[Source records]
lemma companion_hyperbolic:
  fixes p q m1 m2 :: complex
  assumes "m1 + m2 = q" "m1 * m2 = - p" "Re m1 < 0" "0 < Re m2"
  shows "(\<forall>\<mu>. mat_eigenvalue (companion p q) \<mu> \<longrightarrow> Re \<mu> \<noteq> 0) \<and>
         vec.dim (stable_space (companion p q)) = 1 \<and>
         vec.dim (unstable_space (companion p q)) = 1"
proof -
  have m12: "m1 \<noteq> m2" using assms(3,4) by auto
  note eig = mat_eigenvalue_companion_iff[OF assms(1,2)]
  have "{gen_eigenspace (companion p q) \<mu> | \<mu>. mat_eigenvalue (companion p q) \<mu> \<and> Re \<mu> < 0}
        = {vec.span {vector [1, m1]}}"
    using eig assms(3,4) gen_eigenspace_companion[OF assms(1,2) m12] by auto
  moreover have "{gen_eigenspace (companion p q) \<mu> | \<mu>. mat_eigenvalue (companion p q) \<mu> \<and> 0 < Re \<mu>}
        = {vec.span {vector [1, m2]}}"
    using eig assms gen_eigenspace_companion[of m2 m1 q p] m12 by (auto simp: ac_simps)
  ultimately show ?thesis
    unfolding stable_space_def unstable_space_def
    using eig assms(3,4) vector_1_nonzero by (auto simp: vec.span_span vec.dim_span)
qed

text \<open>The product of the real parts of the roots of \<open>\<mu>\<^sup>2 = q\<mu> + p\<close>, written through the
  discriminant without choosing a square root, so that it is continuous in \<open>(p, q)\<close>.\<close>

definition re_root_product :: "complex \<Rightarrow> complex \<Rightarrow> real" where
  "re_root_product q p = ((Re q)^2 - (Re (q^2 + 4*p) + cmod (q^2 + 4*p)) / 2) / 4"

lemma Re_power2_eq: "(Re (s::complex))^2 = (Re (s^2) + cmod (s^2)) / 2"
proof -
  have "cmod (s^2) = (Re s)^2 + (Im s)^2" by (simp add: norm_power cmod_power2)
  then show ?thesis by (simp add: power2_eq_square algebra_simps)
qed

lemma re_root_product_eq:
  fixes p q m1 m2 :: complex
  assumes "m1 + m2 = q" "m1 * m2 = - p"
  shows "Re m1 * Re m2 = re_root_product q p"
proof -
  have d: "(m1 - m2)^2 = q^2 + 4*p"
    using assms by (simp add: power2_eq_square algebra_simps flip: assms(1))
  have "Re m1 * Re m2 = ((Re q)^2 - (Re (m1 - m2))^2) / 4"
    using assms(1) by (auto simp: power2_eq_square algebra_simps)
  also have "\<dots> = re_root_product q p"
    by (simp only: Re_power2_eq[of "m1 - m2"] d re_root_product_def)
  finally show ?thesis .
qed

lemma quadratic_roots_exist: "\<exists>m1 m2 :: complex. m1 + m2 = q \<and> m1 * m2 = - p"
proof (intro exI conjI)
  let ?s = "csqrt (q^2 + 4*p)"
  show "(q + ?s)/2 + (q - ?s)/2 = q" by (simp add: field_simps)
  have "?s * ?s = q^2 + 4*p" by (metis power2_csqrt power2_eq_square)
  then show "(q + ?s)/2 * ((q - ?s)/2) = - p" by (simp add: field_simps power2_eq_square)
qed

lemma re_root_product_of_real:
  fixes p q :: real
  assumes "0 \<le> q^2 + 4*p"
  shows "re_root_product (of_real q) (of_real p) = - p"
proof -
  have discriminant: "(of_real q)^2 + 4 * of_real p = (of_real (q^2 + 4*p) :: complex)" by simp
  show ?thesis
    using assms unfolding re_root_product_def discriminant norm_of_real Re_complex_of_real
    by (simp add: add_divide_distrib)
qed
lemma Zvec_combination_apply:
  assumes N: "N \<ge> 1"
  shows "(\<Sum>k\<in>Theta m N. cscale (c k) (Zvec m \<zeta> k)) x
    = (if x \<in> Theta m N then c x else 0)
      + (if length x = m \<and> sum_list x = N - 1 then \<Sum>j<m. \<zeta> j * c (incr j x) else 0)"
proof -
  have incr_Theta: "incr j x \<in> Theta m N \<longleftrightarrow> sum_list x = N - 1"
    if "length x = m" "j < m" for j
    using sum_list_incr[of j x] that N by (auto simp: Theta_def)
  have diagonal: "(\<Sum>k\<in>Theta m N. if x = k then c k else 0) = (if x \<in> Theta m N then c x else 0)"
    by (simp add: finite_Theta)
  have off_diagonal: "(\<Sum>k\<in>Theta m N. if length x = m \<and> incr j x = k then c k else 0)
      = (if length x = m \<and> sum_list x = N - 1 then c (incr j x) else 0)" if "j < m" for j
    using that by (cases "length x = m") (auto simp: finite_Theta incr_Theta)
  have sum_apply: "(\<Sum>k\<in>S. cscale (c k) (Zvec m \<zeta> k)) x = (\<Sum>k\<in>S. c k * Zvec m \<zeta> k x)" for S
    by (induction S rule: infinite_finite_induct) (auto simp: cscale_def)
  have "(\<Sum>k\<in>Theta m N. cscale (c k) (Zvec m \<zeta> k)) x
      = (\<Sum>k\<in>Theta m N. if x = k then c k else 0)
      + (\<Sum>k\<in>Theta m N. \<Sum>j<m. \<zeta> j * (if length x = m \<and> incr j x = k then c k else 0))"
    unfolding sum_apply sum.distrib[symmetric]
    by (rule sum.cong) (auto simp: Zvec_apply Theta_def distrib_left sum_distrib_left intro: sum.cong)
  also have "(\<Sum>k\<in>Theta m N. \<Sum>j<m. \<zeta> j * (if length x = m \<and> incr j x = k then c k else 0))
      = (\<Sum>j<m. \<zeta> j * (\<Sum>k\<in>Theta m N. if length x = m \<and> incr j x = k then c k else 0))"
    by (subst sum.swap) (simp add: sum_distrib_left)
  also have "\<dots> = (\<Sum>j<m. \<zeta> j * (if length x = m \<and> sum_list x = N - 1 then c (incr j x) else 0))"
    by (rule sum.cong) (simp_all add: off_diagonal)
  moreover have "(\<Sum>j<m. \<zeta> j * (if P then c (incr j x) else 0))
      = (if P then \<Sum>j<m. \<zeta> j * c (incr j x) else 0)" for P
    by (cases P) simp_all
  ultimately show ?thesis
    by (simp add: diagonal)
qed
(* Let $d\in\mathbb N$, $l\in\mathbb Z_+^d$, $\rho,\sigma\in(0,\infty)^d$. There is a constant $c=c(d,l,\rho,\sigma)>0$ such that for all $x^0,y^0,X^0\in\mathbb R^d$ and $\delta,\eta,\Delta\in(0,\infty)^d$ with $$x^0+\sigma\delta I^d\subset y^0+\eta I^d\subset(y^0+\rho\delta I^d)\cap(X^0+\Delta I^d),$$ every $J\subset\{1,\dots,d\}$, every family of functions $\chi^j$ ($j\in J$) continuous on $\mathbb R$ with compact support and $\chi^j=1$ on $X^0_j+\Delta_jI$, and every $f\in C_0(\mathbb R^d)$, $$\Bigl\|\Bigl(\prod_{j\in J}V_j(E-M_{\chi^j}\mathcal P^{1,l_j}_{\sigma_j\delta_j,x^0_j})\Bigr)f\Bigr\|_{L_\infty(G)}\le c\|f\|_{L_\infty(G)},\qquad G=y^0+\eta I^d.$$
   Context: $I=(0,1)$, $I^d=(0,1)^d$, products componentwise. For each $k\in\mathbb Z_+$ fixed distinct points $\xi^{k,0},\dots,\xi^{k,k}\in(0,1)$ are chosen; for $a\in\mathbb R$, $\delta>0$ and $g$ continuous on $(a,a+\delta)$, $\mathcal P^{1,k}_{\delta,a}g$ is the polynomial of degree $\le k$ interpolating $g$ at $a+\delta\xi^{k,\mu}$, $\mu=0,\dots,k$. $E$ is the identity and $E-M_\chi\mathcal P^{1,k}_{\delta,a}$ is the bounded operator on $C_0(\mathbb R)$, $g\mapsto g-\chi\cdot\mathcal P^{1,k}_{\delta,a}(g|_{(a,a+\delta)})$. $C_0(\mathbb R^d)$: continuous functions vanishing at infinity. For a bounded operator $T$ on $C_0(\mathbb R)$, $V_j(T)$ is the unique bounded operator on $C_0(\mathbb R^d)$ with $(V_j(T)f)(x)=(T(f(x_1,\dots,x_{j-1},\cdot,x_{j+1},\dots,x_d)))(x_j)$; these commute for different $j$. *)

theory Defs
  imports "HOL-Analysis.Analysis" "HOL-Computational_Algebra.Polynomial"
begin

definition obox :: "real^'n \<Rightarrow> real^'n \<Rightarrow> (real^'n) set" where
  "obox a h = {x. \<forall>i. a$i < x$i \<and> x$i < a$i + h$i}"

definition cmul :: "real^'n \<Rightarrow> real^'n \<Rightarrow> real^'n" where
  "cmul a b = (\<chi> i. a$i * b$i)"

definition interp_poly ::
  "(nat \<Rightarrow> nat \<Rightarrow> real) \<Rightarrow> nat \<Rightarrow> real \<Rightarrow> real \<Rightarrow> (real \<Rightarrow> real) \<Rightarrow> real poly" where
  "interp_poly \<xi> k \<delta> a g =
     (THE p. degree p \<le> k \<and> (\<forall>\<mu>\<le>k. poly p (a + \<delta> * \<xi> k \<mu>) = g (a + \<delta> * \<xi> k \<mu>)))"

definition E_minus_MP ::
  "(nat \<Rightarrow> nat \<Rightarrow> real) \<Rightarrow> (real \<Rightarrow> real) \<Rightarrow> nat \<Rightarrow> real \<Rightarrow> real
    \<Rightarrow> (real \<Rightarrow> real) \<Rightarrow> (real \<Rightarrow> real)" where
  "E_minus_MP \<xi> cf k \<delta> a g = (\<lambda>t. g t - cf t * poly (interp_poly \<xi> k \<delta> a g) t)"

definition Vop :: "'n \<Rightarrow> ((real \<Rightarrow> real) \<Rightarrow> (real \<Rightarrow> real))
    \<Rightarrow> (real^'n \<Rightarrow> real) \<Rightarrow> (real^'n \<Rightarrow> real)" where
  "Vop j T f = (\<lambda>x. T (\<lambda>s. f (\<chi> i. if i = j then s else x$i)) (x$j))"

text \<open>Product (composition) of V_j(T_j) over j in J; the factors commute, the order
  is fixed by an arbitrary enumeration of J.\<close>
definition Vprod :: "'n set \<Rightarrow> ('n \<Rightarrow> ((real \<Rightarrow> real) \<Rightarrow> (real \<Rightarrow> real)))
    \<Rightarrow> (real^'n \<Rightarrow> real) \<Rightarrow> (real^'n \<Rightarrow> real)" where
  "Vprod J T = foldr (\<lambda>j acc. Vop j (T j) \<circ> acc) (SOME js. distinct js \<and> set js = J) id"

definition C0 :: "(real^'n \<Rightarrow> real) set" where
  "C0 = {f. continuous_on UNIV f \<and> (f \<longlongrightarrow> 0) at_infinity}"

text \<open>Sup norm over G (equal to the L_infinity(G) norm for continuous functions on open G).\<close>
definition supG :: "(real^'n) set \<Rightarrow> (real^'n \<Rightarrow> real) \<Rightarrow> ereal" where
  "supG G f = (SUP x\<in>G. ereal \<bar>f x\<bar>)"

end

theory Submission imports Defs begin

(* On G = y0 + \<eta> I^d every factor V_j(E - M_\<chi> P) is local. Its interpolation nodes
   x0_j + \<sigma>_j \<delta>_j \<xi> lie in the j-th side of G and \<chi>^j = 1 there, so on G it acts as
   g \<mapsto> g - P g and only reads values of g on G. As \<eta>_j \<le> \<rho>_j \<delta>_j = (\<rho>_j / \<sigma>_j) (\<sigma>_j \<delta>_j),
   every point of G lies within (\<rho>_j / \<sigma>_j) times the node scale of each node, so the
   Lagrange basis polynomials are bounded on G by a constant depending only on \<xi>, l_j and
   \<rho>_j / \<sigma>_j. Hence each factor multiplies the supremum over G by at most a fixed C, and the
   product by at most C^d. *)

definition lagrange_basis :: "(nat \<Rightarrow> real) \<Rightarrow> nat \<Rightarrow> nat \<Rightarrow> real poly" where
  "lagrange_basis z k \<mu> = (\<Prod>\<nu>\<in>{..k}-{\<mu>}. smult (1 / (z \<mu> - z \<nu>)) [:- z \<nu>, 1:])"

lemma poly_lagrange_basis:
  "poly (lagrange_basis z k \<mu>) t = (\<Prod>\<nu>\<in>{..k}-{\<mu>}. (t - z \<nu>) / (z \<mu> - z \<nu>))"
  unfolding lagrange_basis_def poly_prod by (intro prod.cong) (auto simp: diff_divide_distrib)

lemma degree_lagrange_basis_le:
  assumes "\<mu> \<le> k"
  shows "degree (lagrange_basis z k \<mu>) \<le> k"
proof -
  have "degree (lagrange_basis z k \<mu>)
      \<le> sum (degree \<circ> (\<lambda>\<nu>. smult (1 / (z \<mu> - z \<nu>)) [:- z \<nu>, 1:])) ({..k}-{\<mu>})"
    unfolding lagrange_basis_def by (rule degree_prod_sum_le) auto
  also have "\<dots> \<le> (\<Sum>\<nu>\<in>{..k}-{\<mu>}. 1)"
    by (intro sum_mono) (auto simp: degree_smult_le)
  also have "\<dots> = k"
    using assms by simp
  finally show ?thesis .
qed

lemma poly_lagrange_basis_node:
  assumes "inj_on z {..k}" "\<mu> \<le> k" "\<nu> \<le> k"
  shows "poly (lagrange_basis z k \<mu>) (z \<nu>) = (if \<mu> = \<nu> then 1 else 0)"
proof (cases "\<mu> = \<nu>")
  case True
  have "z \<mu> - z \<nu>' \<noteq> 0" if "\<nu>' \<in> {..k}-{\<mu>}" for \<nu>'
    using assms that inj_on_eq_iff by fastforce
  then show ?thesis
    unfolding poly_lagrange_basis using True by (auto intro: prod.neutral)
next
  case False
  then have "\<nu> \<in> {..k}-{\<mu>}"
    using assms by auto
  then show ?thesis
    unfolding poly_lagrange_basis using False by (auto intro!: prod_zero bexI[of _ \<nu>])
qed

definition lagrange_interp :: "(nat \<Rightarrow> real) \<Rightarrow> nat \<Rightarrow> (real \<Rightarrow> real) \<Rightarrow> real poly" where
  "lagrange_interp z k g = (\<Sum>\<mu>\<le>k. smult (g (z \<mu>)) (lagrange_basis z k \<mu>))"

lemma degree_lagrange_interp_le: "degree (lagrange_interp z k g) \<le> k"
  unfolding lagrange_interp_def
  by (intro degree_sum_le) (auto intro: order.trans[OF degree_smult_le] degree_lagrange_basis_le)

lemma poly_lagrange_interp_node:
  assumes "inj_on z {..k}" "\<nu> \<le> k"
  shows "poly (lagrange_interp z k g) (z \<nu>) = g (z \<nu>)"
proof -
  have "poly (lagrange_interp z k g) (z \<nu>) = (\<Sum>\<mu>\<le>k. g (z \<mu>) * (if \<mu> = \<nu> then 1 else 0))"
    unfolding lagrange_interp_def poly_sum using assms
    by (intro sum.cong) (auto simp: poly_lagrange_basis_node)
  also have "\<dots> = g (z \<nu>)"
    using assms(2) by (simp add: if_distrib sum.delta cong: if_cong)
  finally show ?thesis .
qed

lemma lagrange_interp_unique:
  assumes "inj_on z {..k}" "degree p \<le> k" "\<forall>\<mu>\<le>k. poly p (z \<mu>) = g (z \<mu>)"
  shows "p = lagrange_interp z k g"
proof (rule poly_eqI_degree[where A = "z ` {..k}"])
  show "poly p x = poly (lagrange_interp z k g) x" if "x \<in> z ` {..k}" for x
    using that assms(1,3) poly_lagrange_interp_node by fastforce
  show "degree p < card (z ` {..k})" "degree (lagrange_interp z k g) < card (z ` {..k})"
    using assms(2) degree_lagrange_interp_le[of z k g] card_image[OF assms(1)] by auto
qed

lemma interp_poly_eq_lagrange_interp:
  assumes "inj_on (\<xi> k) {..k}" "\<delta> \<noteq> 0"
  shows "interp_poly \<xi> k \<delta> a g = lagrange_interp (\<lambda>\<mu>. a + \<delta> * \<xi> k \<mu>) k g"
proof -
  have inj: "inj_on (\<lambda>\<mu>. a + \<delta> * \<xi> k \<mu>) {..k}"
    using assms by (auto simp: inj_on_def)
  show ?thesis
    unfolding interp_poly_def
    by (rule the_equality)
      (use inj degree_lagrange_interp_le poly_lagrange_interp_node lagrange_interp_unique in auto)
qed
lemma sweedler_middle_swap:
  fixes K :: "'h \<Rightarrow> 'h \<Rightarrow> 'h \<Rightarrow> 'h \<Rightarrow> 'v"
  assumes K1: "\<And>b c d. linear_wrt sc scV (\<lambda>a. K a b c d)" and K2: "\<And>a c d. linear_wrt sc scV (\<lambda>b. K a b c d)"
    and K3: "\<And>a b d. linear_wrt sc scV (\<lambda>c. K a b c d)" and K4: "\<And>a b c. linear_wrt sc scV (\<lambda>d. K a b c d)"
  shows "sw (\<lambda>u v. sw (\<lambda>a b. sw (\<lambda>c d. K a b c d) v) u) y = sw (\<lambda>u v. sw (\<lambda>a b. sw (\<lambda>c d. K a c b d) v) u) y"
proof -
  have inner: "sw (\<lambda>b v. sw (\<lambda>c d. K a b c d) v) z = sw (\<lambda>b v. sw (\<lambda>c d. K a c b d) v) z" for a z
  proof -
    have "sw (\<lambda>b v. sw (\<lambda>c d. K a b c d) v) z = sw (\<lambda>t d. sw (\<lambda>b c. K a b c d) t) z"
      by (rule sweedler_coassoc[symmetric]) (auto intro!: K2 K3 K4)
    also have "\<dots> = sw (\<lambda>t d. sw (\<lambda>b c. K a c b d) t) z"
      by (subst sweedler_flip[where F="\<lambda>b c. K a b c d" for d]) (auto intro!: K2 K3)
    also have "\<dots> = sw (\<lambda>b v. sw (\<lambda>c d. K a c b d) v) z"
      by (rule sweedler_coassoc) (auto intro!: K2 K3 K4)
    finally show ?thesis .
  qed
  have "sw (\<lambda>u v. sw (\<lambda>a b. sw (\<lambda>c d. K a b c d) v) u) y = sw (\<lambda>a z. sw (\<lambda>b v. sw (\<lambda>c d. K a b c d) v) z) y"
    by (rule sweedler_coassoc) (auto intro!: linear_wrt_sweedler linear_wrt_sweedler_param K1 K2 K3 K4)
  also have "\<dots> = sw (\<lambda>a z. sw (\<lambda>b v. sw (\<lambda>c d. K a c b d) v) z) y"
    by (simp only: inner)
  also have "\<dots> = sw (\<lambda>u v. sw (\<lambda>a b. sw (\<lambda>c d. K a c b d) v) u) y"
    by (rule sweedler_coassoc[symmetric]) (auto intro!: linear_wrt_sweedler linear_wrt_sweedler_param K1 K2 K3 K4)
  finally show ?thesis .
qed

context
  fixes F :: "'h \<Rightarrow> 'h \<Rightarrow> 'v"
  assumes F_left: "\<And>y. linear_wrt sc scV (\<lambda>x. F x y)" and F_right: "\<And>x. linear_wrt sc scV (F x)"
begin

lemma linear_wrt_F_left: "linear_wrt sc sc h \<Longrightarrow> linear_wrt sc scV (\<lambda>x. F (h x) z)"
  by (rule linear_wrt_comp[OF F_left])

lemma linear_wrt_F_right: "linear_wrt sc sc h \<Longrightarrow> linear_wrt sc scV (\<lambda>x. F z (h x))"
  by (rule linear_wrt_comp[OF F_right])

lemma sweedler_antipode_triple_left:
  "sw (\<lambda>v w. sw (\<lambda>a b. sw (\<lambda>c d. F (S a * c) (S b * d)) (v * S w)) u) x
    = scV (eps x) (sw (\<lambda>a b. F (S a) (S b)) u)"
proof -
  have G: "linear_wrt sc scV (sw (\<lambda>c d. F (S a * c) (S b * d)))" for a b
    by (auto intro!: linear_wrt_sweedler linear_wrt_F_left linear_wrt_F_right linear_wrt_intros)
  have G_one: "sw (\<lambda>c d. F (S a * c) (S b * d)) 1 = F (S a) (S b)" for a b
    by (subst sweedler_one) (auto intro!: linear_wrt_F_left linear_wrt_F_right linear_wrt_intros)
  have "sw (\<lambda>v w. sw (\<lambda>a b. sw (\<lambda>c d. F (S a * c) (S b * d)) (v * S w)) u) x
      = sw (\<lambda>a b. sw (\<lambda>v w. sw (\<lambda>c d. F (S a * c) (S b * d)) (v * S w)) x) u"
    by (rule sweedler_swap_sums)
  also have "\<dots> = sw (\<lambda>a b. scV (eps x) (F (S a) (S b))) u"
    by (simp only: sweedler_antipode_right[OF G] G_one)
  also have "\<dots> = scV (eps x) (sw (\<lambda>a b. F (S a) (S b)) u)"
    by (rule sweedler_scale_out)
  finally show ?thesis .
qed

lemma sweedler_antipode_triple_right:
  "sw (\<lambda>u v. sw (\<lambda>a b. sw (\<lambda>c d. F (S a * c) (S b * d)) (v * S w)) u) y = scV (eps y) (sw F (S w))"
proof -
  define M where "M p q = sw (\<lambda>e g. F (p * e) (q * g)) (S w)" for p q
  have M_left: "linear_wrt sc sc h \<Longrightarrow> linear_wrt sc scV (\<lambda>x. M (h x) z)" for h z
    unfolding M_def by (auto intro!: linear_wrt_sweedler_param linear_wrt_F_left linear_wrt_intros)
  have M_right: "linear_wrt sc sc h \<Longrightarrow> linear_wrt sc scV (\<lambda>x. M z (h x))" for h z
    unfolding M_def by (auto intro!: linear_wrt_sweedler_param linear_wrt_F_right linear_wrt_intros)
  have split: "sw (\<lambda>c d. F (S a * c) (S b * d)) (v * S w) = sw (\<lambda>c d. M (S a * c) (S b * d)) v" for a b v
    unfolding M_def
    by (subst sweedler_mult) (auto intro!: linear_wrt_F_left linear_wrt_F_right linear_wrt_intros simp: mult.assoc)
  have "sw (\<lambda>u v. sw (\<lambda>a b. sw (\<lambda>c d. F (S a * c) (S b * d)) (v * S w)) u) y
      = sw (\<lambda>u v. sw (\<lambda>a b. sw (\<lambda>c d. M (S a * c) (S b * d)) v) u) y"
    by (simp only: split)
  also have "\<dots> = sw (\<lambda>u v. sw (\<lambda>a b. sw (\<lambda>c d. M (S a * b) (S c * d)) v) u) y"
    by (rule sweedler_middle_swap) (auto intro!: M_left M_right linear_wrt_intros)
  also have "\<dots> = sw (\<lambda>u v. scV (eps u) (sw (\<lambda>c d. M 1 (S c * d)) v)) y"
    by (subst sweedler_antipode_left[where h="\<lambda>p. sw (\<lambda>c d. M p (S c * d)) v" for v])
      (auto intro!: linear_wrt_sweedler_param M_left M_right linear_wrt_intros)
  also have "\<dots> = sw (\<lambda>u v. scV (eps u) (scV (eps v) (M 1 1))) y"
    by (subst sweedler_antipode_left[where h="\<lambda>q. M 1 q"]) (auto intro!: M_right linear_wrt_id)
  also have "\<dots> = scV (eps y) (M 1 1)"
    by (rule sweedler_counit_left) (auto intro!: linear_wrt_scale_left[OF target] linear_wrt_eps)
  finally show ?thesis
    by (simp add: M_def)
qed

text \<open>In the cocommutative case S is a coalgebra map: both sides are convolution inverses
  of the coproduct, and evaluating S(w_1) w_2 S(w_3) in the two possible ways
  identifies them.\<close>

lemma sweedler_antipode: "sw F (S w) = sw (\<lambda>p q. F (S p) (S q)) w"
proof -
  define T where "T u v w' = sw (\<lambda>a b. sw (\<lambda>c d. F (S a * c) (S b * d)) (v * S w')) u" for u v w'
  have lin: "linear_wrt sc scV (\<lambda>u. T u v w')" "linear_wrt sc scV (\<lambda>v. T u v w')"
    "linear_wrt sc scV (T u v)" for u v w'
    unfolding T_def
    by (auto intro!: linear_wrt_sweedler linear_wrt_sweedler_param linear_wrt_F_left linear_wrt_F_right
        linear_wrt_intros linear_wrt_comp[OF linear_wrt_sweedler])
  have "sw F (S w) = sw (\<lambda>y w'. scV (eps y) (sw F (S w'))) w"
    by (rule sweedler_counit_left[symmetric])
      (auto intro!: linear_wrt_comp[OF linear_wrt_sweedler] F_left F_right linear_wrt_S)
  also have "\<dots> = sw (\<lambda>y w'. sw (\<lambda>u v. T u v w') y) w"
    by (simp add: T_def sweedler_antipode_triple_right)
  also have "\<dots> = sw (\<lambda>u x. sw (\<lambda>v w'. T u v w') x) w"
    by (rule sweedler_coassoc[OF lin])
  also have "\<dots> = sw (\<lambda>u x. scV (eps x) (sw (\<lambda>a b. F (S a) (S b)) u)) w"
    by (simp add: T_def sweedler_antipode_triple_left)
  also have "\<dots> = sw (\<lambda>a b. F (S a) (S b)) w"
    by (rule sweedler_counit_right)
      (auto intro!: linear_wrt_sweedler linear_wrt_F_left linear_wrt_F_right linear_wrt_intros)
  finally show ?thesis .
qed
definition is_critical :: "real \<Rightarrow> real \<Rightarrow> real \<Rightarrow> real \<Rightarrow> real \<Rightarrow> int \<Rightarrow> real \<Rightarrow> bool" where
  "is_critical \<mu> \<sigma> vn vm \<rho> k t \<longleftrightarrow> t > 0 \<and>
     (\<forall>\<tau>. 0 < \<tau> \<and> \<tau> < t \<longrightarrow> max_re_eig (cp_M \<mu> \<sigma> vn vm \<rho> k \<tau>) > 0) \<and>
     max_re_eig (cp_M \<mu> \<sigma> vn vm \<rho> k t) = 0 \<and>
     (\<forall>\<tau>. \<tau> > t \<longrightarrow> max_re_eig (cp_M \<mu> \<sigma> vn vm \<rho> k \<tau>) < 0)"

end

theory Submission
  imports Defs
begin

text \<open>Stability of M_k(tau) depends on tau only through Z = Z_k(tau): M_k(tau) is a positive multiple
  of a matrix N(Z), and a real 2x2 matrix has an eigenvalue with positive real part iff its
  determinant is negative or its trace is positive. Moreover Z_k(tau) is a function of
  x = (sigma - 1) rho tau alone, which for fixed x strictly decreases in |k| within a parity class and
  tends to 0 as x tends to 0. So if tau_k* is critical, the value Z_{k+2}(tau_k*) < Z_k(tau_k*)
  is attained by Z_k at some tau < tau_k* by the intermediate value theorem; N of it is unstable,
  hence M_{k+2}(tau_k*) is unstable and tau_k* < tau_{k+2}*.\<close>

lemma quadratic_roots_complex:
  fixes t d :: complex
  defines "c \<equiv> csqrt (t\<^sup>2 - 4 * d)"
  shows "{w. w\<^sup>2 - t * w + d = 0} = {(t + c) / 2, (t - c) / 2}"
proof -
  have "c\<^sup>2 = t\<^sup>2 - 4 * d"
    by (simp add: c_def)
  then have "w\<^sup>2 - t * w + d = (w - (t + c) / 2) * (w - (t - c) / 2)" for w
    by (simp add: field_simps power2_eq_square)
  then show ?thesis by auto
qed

> **EXERCISE**
Count the lines of the records that include the word "close". Give the number by itself.

> **ANSWER TO THIS EXERCISE**
6